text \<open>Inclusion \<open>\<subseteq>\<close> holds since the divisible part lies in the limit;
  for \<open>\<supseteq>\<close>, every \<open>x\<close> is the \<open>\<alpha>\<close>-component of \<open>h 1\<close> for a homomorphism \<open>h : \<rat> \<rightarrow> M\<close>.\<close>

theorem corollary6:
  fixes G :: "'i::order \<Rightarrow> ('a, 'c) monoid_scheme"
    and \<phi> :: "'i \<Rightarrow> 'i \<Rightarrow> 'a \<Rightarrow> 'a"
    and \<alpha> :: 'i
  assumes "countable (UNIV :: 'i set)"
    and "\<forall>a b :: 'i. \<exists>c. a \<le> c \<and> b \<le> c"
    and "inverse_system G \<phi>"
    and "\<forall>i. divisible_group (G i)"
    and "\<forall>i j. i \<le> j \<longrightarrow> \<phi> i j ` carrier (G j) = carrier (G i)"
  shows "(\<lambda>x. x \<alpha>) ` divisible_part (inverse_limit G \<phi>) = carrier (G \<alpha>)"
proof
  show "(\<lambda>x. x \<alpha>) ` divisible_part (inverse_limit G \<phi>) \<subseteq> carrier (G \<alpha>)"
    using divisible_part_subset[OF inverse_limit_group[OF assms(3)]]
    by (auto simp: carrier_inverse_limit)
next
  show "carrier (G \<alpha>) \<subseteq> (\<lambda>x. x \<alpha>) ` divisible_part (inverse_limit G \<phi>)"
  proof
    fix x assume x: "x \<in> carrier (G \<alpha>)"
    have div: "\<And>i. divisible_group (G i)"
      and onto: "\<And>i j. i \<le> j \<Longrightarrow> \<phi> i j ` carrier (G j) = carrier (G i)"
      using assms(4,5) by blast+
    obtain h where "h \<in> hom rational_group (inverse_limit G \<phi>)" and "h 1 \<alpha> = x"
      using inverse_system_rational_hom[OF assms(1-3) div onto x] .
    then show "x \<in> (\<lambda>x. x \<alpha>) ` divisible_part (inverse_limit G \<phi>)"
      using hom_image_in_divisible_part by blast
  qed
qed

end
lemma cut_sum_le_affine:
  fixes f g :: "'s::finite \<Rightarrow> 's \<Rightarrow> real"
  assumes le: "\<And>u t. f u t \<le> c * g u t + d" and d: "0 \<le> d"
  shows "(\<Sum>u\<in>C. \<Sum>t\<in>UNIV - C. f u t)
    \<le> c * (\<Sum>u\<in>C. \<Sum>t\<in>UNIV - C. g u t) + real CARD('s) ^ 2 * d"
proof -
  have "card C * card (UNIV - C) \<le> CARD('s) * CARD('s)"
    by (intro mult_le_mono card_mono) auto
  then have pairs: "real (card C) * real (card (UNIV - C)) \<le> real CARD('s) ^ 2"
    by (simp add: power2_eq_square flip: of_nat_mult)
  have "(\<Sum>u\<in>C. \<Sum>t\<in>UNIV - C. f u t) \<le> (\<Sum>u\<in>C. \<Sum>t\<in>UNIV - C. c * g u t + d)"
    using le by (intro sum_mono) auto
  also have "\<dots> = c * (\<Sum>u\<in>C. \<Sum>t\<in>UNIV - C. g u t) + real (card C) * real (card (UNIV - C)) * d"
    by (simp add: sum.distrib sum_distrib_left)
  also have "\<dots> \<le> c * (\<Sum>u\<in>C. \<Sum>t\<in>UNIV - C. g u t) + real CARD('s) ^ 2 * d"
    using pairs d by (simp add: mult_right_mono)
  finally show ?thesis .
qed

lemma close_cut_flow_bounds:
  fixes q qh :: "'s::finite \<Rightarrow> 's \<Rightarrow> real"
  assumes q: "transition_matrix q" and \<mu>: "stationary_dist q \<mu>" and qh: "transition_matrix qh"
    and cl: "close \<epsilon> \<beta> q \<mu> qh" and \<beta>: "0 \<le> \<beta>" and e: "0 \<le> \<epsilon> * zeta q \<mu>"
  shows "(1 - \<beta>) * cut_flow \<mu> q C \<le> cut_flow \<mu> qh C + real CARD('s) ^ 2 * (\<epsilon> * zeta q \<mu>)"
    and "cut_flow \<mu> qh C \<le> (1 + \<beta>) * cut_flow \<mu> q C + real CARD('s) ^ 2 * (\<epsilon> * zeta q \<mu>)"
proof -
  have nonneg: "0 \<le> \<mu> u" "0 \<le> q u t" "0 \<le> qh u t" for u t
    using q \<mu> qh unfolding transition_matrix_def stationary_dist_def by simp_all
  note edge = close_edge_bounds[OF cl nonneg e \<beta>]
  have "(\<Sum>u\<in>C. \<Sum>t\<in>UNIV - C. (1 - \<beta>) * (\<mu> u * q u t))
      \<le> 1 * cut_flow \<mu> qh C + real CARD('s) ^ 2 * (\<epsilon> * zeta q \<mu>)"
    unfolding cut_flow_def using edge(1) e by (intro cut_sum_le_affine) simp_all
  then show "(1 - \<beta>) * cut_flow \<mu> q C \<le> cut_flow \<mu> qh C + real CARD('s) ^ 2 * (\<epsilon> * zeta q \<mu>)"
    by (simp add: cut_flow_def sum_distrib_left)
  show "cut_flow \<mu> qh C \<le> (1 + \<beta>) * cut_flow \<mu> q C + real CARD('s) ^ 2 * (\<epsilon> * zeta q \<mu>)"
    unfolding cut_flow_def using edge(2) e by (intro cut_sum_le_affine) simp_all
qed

──────

> [PROBLEM TO WORK ON]:
Repeat, character for character, the lines of the material above from the line with "using divisible_part_subset[OF inverse_limit_group[OF" through the line with "using assms(4,5) by blast+".

> [EXERCISE RESPONSE]:
    using divisible_part_subset[OF inverse_limit_group[OF assms(3)]]
    by (auto simp: carrier_inverse_limit)
next
  show "carrier (G \<alpha>) \<subseteq> (\<lambda>x. x \<alpha>) ` divisible_part (inverse_limit G \<phi>)"
  proof
    fix x assume x: "x \<in> carrier (G \<alpha>)"
    have div: "\<And>i. divisible_group (G i)"
      and onto: "\<And>i j. i \<le> j \<Longrightarrow> \<phi> i j ` carrier (G j) = carrier (G i)"
      using assms(4,5) by blast+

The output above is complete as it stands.